What is needed: When the word "longleftrightarrow" shows up in a line of the records below, copy that line.

Dataset excerpts section start

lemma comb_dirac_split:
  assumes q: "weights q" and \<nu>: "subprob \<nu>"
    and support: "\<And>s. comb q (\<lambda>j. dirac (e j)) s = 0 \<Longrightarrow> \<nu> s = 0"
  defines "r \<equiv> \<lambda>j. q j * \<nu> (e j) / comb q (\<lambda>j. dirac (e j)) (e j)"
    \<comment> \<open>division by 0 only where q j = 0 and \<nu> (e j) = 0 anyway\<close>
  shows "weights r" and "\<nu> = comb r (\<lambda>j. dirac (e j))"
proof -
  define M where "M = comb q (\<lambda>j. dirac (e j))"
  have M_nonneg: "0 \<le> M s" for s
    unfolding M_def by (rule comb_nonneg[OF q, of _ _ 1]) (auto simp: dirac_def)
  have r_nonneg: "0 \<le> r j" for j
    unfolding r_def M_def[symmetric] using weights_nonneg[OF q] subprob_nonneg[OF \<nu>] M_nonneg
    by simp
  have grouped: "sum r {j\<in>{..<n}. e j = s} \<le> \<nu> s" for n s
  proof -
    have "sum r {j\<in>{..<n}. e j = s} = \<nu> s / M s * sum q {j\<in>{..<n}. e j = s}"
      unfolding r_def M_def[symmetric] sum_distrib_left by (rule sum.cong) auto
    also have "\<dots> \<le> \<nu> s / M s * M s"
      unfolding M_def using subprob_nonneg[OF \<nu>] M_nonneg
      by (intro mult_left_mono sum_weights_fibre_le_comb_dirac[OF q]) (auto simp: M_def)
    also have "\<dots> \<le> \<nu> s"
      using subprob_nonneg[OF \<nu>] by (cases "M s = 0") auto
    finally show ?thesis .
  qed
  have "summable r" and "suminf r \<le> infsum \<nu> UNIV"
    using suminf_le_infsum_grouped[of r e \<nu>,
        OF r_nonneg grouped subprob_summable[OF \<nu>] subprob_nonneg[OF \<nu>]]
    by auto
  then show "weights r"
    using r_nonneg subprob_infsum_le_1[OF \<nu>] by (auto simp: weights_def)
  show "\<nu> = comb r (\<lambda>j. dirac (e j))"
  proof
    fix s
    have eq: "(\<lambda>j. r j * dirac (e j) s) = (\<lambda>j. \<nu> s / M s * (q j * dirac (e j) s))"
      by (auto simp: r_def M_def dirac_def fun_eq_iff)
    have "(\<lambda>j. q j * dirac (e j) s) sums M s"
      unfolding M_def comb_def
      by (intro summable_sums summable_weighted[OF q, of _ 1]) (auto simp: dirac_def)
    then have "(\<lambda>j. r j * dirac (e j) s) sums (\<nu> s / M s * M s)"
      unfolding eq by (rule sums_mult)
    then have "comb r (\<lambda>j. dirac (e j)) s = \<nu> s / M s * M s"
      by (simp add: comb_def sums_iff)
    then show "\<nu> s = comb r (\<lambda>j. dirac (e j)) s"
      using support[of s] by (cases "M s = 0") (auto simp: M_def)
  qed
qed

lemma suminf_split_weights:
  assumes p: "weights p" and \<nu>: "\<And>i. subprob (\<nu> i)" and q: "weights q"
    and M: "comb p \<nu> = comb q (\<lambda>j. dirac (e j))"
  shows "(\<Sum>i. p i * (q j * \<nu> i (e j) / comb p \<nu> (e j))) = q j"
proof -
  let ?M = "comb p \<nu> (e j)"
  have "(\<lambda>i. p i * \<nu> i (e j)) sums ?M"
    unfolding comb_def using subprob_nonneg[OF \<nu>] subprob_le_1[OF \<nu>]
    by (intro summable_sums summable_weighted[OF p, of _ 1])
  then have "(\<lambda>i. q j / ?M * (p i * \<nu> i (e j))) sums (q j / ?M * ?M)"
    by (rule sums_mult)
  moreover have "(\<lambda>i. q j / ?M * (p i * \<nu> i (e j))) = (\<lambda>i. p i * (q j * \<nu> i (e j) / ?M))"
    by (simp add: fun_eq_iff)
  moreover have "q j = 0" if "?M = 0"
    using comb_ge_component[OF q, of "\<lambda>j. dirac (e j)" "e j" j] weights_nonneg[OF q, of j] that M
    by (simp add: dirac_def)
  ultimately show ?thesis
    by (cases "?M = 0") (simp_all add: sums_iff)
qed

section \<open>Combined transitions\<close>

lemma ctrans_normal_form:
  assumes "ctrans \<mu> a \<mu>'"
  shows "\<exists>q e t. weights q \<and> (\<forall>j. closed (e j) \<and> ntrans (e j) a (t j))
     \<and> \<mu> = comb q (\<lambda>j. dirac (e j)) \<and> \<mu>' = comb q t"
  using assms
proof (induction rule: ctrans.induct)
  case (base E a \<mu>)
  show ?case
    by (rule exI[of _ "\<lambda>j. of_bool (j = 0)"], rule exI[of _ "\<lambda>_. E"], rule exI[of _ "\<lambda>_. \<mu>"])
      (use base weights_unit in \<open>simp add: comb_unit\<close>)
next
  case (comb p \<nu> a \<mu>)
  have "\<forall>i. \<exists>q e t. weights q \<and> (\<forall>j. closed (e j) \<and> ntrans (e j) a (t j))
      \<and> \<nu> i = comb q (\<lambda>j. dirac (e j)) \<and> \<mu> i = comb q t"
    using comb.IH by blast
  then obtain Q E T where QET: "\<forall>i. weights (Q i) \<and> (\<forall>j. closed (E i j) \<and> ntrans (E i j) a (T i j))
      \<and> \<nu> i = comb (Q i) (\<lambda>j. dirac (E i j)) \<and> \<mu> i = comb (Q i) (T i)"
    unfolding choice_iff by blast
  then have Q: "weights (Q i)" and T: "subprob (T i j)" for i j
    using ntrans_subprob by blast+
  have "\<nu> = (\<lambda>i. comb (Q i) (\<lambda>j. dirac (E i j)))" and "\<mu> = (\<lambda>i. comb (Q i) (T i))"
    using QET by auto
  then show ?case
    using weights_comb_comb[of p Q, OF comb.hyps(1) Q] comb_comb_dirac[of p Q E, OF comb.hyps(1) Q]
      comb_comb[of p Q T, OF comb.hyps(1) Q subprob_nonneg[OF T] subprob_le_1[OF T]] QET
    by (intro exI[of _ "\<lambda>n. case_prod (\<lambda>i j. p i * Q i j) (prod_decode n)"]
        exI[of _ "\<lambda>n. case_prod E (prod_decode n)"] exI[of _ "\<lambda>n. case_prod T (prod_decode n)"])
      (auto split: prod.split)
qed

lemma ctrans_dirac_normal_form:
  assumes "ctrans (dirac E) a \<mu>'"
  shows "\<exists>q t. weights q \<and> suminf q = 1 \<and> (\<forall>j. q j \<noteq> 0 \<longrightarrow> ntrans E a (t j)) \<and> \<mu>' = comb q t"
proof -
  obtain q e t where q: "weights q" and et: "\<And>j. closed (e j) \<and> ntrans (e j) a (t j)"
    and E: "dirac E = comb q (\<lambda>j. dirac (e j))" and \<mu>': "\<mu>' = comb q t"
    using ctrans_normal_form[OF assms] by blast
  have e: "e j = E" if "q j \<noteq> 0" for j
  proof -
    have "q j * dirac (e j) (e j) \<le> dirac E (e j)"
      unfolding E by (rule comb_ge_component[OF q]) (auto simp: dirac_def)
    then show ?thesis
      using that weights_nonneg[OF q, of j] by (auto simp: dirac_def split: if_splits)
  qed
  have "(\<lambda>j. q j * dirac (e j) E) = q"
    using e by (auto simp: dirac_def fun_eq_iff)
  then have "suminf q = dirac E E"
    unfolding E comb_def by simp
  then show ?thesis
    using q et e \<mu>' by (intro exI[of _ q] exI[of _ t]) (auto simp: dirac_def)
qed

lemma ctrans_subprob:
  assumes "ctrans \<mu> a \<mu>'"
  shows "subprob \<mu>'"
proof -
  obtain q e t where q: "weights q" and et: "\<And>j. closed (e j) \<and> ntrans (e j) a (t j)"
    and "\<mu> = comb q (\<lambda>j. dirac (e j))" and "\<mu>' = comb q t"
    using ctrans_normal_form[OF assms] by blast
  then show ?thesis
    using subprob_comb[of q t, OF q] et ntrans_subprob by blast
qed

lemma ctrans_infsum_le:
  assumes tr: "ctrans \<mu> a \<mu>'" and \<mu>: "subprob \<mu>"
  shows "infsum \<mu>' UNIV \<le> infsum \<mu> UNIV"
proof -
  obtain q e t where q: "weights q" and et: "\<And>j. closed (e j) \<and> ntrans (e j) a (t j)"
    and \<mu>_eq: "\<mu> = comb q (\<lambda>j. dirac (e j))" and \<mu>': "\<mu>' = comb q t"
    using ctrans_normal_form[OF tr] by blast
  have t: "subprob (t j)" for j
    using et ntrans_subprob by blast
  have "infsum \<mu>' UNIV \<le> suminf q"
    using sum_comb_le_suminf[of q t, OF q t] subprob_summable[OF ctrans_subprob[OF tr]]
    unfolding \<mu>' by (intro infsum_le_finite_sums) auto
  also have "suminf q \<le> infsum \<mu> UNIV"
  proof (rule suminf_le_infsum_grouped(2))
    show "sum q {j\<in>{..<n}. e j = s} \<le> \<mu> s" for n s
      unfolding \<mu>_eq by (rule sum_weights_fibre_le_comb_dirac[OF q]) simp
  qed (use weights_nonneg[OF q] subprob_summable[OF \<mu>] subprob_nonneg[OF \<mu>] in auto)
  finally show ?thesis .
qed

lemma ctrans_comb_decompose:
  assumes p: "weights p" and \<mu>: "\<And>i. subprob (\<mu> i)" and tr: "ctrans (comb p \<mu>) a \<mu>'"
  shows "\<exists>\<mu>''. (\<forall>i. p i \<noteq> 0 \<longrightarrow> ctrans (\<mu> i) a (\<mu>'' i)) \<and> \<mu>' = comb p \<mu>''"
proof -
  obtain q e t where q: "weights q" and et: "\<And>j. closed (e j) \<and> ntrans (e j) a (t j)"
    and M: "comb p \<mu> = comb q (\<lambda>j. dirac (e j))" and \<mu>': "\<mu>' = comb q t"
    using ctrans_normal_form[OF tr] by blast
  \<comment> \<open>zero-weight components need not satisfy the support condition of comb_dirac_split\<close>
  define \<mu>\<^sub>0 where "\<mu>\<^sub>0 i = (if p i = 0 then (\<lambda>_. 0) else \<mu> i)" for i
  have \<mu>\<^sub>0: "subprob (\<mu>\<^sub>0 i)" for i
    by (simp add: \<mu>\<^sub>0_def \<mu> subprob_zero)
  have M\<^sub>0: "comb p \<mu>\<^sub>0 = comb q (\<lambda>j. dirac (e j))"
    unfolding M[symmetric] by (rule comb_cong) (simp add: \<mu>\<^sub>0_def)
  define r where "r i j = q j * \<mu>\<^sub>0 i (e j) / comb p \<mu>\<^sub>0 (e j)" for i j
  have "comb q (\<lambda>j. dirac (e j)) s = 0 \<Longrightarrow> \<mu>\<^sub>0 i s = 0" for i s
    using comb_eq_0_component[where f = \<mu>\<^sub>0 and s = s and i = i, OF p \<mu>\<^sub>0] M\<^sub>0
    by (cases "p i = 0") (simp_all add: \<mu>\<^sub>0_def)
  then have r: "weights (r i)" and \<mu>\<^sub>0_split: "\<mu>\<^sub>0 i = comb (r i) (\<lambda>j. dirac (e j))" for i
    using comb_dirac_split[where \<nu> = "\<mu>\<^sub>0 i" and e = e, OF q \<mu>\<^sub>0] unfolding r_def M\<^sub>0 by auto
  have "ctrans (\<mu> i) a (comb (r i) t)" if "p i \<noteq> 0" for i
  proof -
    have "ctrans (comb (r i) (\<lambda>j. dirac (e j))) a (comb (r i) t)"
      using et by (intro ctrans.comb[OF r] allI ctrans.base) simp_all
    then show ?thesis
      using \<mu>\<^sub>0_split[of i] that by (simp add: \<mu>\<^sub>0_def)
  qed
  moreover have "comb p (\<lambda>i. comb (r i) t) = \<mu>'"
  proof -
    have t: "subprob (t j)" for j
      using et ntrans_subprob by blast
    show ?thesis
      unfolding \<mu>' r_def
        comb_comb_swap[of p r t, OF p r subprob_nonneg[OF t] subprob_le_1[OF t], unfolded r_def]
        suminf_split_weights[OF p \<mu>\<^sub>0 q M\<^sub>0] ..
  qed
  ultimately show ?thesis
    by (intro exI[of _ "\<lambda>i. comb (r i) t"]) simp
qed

Dataset excerpts section end
Dataset excerpts section start

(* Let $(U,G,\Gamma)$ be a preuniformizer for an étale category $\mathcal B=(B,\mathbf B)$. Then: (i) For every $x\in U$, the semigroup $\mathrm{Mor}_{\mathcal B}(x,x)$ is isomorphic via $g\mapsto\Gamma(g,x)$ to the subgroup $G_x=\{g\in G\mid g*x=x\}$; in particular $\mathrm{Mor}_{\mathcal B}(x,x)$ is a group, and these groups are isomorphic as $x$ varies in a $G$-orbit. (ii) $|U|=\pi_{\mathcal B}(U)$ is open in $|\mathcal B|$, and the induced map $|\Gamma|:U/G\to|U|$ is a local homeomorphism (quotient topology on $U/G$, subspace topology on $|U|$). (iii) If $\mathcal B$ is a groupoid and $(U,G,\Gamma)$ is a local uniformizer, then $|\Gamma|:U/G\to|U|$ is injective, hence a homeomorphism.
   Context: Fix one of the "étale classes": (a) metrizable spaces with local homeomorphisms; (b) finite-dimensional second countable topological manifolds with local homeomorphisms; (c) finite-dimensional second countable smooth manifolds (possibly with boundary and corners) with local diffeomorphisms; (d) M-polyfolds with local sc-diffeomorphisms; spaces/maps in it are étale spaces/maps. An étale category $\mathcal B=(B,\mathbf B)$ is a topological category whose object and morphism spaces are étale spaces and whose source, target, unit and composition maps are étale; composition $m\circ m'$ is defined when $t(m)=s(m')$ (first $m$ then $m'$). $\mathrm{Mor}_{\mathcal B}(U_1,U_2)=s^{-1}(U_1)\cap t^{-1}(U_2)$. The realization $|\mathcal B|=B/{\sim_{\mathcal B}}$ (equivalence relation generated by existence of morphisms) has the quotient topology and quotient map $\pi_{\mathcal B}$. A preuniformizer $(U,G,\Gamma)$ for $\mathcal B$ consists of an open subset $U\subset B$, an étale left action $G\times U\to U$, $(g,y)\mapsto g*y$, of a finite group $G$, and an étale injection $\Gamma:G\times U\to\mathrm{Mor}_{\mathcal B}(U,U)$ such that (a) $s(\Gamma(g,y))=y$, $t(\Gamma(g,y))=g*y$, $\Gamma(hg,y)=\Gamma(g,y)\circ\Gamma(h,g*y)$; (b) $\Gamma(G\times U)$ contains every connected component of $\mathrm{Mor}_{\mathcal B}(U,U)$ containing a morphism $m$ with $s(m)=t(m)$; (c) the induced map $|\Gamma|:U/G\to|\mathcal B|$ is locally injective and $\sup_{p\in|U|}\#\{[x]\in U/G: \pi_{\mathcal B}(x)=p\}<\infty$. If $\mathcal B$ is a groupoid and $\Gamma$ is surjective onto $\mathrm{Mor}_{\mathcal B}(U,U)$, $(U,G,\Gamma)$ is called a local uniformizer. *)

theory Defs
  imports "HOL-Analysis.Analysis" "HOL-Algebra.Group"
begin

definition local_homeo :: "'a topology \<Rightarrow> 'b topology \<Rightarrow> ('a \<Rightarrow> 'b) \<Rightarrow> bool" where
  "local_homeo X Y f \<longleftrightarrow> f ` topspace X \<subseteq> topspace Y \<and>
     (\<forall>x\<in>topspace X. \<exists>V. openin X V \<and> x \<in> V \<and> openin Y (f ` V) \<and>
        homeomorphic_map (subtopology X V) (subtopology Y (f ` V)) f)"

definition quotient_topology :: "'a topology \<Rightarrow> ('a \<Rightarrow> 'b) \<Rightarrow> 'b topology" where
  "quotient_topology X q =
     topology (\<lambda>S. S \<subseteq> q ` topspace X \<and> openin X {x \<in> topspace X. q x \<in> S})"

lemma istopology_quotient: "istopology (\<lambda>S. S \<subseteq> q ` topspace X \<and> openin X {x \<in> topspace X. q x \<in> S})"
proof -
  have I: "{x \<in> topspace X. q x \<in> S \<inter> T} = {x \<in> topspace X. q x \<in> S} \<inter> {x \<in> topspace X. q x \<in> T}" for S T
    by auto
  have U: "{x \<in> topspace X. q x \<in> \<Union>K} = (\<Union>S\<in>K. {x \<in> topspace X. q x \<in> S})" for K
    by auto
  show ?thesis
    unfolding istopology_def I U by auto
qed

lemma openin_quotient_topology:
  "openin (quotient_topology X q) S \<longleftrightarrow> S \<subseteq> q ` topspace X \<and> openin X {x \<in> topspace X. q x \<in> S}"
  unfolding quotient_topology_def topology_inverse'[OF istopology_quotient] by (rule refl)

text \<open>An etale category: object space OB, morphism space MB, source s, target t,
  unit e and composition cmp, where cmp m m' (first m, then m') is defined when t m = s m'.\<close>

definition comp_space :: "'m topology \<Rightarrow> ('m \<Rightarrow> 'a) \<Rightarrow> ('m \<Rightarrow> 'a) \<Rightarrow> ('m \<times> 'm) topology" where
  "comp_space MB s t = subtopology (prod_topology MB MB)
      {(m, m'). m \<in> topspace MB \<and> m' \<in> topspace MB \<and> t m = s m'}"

Dataset excerpts section end

Task answer:
  "local_homeo X Y f \<longleftrightarrow> f ` topspace X \<subseteq> topspace Y \<and>
  "openin (quotient_topology X q) S \<longleftrightarrow> S \<subseteq> q ` topspace X \<and> openin X {x \<in> topspace X. q x \<in> S}"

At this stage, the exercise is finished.